→ **TASK BRIEF**:
Here are the records. Write out exactly the lines between the one holding "- J k\<bar>" and the one holding "- RS_sum (G", inclusive.

(Stored data)
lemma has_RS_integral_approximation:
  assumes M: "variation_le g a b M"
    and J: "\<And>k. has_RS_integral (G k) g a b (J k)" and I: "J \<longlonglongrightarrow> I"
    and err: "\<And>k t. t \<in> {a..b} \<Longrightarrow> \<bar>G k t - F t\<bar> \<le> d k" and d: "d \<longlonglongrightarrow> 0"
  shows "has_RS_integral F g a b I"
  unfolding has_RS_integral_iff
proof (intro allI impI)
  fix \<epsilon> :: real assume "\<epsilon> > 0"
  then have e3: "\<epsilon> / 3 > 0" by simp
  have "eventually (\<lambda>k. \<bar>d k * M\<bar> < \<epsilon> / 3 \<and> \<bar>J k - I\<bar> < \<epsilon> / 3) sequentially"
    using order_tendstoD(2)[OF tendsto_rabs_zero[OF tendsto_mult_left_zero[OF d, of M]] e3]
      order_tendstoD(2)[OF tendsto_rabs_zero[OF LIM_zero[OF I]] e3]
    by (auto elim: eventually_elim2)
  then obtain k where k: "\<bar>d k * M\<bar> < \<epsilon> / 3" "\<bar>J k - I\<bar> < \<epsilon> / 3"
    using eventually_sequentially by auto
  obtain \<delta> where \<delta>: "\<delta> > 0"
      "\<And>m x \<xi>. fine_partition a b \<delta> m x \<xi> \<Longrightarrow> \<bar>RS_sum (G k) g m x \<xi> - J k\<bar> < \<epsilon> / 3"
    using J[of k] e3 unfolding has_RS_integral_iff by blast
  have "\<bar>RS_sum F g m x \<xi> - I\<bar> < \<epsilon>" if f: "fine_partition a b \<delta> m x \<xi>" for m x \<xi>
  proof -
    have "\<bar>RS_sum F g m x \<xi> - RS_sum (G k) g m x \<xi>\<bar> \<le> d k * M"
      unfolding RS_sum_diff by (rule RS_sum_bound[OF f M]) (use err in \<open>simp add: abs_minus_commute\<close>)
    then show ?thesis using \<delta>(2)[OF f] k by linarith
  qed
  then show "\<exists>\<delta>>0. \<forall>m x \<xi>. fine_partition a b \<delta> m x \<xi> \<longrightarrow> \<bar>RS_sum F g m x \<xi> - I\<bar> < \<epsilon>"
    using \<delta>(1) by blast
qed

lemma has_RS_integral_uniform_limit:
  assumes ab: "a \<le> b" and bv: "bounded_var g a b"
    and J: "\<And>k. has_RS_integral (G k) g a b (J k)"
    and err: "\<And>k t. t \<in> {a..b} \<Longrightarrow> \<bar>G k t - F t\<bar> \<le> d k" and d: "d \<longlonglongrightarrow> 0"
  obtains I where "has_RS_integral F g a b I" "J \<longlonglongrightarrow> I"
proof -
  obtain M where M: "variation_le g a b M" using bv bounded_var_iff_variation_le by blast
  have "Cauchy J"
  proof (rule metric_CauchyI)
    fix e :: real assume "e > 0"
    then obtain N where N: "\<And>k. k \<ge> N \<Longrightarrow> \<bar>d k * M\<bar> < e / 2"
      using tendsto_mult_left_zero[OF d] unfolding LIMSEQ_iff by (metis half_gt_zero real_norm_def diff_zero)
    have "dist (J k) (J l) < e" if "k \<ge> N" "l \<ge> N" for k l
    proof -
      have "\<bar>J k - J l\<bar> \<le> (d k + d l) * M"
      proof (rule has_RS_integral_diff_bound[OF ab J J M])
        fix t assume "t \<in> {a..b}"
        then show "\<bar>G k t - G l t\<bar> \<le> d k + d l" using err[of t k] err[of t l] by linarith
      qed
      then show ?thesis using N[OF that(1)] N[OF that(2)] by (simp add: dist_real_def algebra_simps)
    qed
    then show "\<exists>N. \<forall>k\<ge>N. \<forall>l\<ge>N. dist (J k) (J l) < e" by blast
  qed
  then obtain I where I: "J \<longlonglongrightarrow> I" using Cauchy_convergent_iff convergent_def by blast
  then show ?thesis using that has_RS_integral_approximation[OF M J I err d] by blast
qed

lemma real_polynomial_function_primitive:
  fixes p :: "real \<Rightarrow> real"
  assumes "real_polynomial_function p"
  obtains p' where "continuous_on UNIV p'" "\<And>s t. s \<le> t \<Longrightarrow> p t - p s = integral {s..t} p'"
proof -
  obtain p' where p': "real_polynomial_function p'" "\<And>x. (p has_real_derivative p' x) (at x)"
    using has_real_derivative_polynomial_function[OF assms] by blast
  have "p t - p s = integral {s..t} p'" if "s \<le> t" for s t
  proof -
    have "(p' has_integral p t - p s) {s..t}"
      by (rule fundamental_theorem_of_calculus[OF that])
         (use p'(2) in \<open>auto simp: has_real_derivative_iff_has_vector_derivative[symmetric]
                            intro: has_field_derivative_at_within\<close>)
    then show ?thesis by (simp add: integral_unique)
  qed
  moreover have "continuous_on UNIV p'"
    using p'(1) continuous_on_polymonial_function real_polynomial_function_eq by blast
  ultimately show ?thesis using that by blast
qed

→ **ANSWER TO THIS PROBLEM**:
      "\<And>m x \<xi>. fine_partition a b \<delta> m x \<xi> \<Longrightarrow> \<bar>RS_sum (G k) g m x \<xi> - J k\<bar> < \<epsilon> / 3"
    using J[of k] e3 unfolding has_RS_integral_iff by blast
  have "\<bar>RS_sum F g m x \<xi> - I\<bar> < \<epsilon>" if f: "fine_partition a b \<delta> m x \<xi>" for m x \<xi>
  proof -
    have "\<bar>RS_sum F g m x \<xi> - RS_sum (G k) g m x \<xi>\<bar> \<le> d k * M"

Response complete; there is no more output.